核心概念
SAMMO is a general framework for efficiently optimizing the structure and content of metaprompt programs to improve their performance on downstream tasks.
摘要
The paper introduces SAMMO, a framework for optimizing the performance of metaprompt programs. Metaprompts are complex, structured objects that combine static instructions with dynamic input data to generate desired outputs from large language models (LLMs).
The key insights are:
- Metaprompts can be represented as dynamic function graphs, where each node computes a new value based on its children, input data, and node-specific parameters.
- SAMMO employs a rich set of mutation operators that can modify the structure, content, and parameters of these metaprompt graphs.
- SAMMO uses search algorithms like beam search and evolutionary strategies to efficiently explore the space of possible metaprompt programs and find optimized versions.
The paper demonstrates the effectiveness of SAMMO in three use cases:
- Instruction tuning: SAMMO outperforms prior methods in improving the accuracy of task instructions across different LLMs.
- Retrieval-augmented generation: SAMMO yields substantial gains in semantic parsing accuracy with only a few dozen candidate evaluations.

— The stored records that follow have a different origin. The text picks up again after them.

text \<open>The singular kernel 1/((x-s) u(s)) has the primitive (ln M(s) - ln|x-s|)/u(x) with
  M(s) = x + s - 2xs + 2 u(x) u(s) > 0; it vanishes at both endpoints and the logarithmic
  singularities cancel in the symmetric jump, i.e. PV int_0^1 ds/((x-s) u(s)) = 0.\<close>
lemma cauchy_kernel_primitive:
  assumes x: "0 < x" "x < 1"
  shows "\<exists>L. continuous_on ({0..1} - {x}) L
      \<and> (\<forall>s\<in>{0<..<1} - {x}. (L has_real_derivative 1 / ((x - s) * root_weight s)) (at s))
      \<and> L 0 = 0 \<and> L 1 = 0
      \<and> ((\<lambda>e. L (x - e) - L (x + e)) \<longlongrightarrow> 0) (at_right 0)"
proof -
  define w where "w = root_weight x"
  define M where "M s = x + s - 2 * x * s + 2 * w * root_weight s" for s
  define L where "L s = (ln (M s) - ln \<bar>x - s\<bar>) / w" for s
  have w: "w > 0" "w * w = x * (1 - x)"
    using x root_weight_pos root_weight_square by (auto simp: w_def)
  have M_pos: "M s > 0" if "s \<in> {0..1}" for s
  proof -
    have "x * (1 - s) + s * (1 - x) > 0"
      using x that by (cases "s < 1") (auto simp: add_pos_nonneg add_nonneg_pos)
    moreover have "w * root_weight s \<ge> 0" using w that by (simp add: root_weight_def)
    ultimately show ?thesis by (simp add: M_def algebra_simps)
  qed
  have "\<forall>s\<in>{0..1}. x + s - 2 * x * s + 2 * w * root_weight s \<noteq> 0"
    using M_pos unfolding M_def by force
  then have cont_lnM: "continuous_on {0..1} (\<lambda>s. ln (M s))"
    unfolding M_def by (intro continuous_intros continuous_on_root_weight)
  have "continuous_on ({0..1} - {x}) (\<lambda>s. ln (M s))"
    by (rule continuous_on_subset[OF cont_lnM]) auto
  moreover have "continuous_on ({0..1} - {x}) (\<lambda>s. ln \<bar>x - s\<bar>)"
    by (intro continuous_intros) auto
  ultimately have "continuous_on ({0..1} - {x}) L"
    unfolding L_def using w by (intro continuous_on_divide continuous_on_diff continuous_on_const) auto
  moreover have "(L has_real_derivative 1 / ((x - s) * root_weight s)) (at s)"
    if s: "s \<in> {0<..<1} - {x}" for s
  proof -
    define u where "u = root_weight s"
    have u: "u > 0" "u * u = s * (1 - s)" using s root_weight_pos root_weight_square by (auto simp: u_def)
    have "(M has_real_derivative 1 - 2 * x + 2 * w * ((1 - 2 * s) / (2 * u))) (at s)"
      unfolding M_def[abs_def] u_def using s
      by (auto intro!: derivative_eq_intros DERIV_root_weight)
    moreover have "0 < M s" using s M_pos by simp
    ultimately have "((\<lambda>s. ln (M s)) has_real_derivative 1 / M s * (1 - 2 * x + 2 * w * ((1 - 2 * s) / (2 * u)))) (at s)"
      using DERIV_chain2[OF DERIV_ln_divide] by blast
    then have "(L has_real_derivative
        (1 / M s * (1 - 2 * x + 2 * w * ((1 - 2 * s) / (2 * u))) - 1 / (s - x)) / w) (at s)"
      unfolding L_def[abs_def] using s by (intro DERIV_cdivide DERIV_diff DERIV_ln_dist) auto
    moreover have "(1 / M s * (1 - 2 * x + 2 * w * ((1 - 2 * s) / (2 * u))) - 1 / (s - x)) / w
        = 1 / ((x - s) * u)"
    proof -
      text \<open>The identity behind the derivative, polynomial once u^2 and w^2 are substituted.\<close>
      have key: "(x - s) * ((1 - 2 * x) * u + w * (1 - 2 * s)) + M s * u = w * M s"
        unfolding M_def u_def[symmetric] using u(2) w(2) by algebra
      have nz: "x - s \<noteq> 0" "M s \<noteq> 0" using s M_pos[of s] by auto
      have "1 - 2 * x + 2 * w * ((1 - 2 * s) / (2 * u)) = ((1 - 2 * x) * u + w * (1 - 2 * s)) / u"
        using u(1) by (simp add: field_simps)
      then have "1 / M s * (1 - 2 * x + 2 * w * ((1 - 2 * s) / (2 * u))) - 1 / (s - x)
          = ((x - s) * ((1 - 2 * x) * u + w * (1 - 2 * s)) + M s * u) / ((x - s) * u * M s)"
        using u(1) nz by (simp add: field_simps)
      also have "\<dots> = w / ((x - s) * u)"
        using nz by (simp only: key) simp
      finally show ?thesis using w(1) by simp
    qed
    ultimately show ?thesis by (simp add: u_def)
  qed
  moreover have "L 0 = 0" "L 1 = 0"
    using x by (simp_all add: L_def M_def root_weight_endpoints)
  moreover have "((\<lambda>e. L (x - e) - L (x + e)) \<longlongrightarrow> 0) (at_right 0)"
  proof -
    have "isCont (\<lambda>s. ln (M s)) x"
      using continuous_on_interior[OF cont_lnM] x by simp
    then have "((\<lambda>e. (ln (M (x - e)) - ln (M (x + e))) / w) \<longlongrightarrow> 0 / w) (at_right 0)"
      by (intro tendsto_divide symmetric_jump_tendsto_zero tendsto_const) (use w in auto)
    then show ?thesis by (simp add: L_def diff_divide_distrib)
  qed
  ultimately show ?thesis by blast
qed

lemma jacobi_weight_pv:
  assumes x: "0 < x" "x < 1"
    and g: "\<And>s. s \<in> {0<..<1} \<Longrightarrow> g s = K * jacobi_weight n s / (x - s)"
  shows "has_pv_integral g 0 1 x (- K * pi * pv_poly n x)"
proof -
  obtain H where cont_H: "continuous_on {0..1} H"
    and deriv_H: "\<forall>s\<in>{0<..<1} - {x}. (H has_real_derivative regular_part n x s) (at s)"
    and incr_H: "H 1 - H 0 = - pi * pv_poly n x"
    using regular_part_primitive by blast
  obtain L where cont_L: "continuous_on ({0..1} - {x}) L"
    and deriv_L: "\<forall>s\<in>{0<..<1} - {x}. (L has_real_derivative 1 / ((x - s) * root_weight s)) (at s)"
    and ends_L: "L 0 = 0" "L 1 = 0"
    and jump_L: "((\<lambda>e. L (x - e) - L (x + e)) \<longlongrightarrow> 0) (at_right 0)"
    using cauchy_kernel_primitive[OF x] by blast
  define c where "c = x * (1 - x) ^ (n + 1)"
  define G where "G s = K * (H s + c * L s)" for s
  have "has_pv_integral g 0 1 x (G 1 - G 0 + 0)"
  proof (rule has_pv_integral_from_primitive)
    show "continuous_on ({0..1} - {x}) G"
      unfolding G_def[abs_def] using continuous_on_subset[OF cont_H] cont_L
      by (intro continuous_intros) auto
    show "(G has_real_derivative g s) (at s)" if s: "s \<in> {0<..<1} - {x}" for s
    proof -
      have "(G has_real_derivative K * (regular_part n x s + c * (1 / ((x - s) * root_weight s)))) (at s)"
        unfolding G_def[abs_def] using s deriv_H deriv_L
        by (intro DERIV_cmult DERIV_add) auto
      moreover have "K * (regular_part n x s + c * (1 / ((x - s) * root_weight s))) = g s"
        using g[of s] s by (simp add: regular_part_def c_def)
      ultimately show ?thesis by simp
    qed
    have "isCont H x" using continuous_on_interior[OF cont_H] x by simp
    then have "((\<lambda>e. K * ((H (x - e) - H (x + e)) + c * (L (x - e) - L (x + e)))) \<longlongrightarrow> K * (0 + c * 0)) (at_right 0)"
      by (intro tendsto_intros symmetric_jump_tendsto_zero jump_L)
    then show "((\<lambda>e. G (x - e) - G (x + e)) \<longlongrightarrow> 0) (at_right 0)"
      by (simp add: G_def algebra_simps)
  qed (use x in auto)
  moreover have "G 1 - G 0 = K * (H 1 - H 0)"
    using ends_L by (simp add: G_def algebra_simps)
  ultimately show ?thesis using incr_H by (simp add: mult.assoc)
qed

definition psi_scale :: "nat \<Rightarrow> real" where
  "psi_scale k = - (fact (2 * k + 2) / (pi * pochhammer (-1/2) (2 * k + 2)))"

lemma psi_eq_jacobi_weight:
  assumes "s \<in> {0..1}"
  shows "psi k s = psi_scale k * jacobi_weight (2 * k) s"
proof -
  have s: "0 \<le> s" "s \<le> 1" using assms by auto
  have "(1 - s) powr (real (2 * k) + 1/2) = (1 - s) ^ (2 * k) * sqrt (1 - s)"
  proof (cases "s = 1")
    case False
    then have "1 - s > 0" using s by simp
    then show ?thesis by (simp add: powr_add powr_realpow[symmetric] powr_half_sqrt)
  qed simp
  moreover have "s powr (1/2) = sqrt s" using s by (simp add: powr_half_sqrt)
  ultimately show ?thesis
    by (simp add: psi_def psi_scale_def jacobi_weight_def root_weight_def mult_ac)
qed

text \<open>(-1/2)_{n+1} = (-1/2) (1/2)_n is negative, so psi_scale k is positive.\<close>
lemma pochhammer_minus_half_neg: "pochhammer (-1/2 :: real) (Suc n) < 0"
proof -
  have "pochhammer (-1/2 :: real) (Suc n) = (-1/2) * pochhammer (1/2) n"
    using pochhammer_rec[of "-1/2 :: real" n] by simp
  moreover have "pochhammer (1/2 :: real) n > 0" by (rule pochhammer_pos) simp
  ultimately show ?thesis by simp
qed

- Prompt compression: SAMMO achieves high compression rates while maintaining accuracy, outperforming baselines.
The results show that SAMMO is a powerful and general framework for optimizing complex metaprompt programs, and that prompt optimization needs to be done separately for each LLM due to weak correlation in performance across models.
統計資料
The state in Brazil with a name meaning thick grass or dense woods contains 3 main ecosystems.
The youngest Luge Champion listed competed in the Olympics for one year.
The couple that danced to a song from a 2005 crime-comedy was given a result.
引述
"SAMMO represents metaprompts as dynamic function graphs, and employs a set of mutation operators to alter the structure and content of metaprompts."
"SAMMO yields substantial gains in semantic parsing accuracy with only a few dozen candidate evaluations."
"Prompt optimization needs to be done separately for each LLM due to weak correlation in performance across models."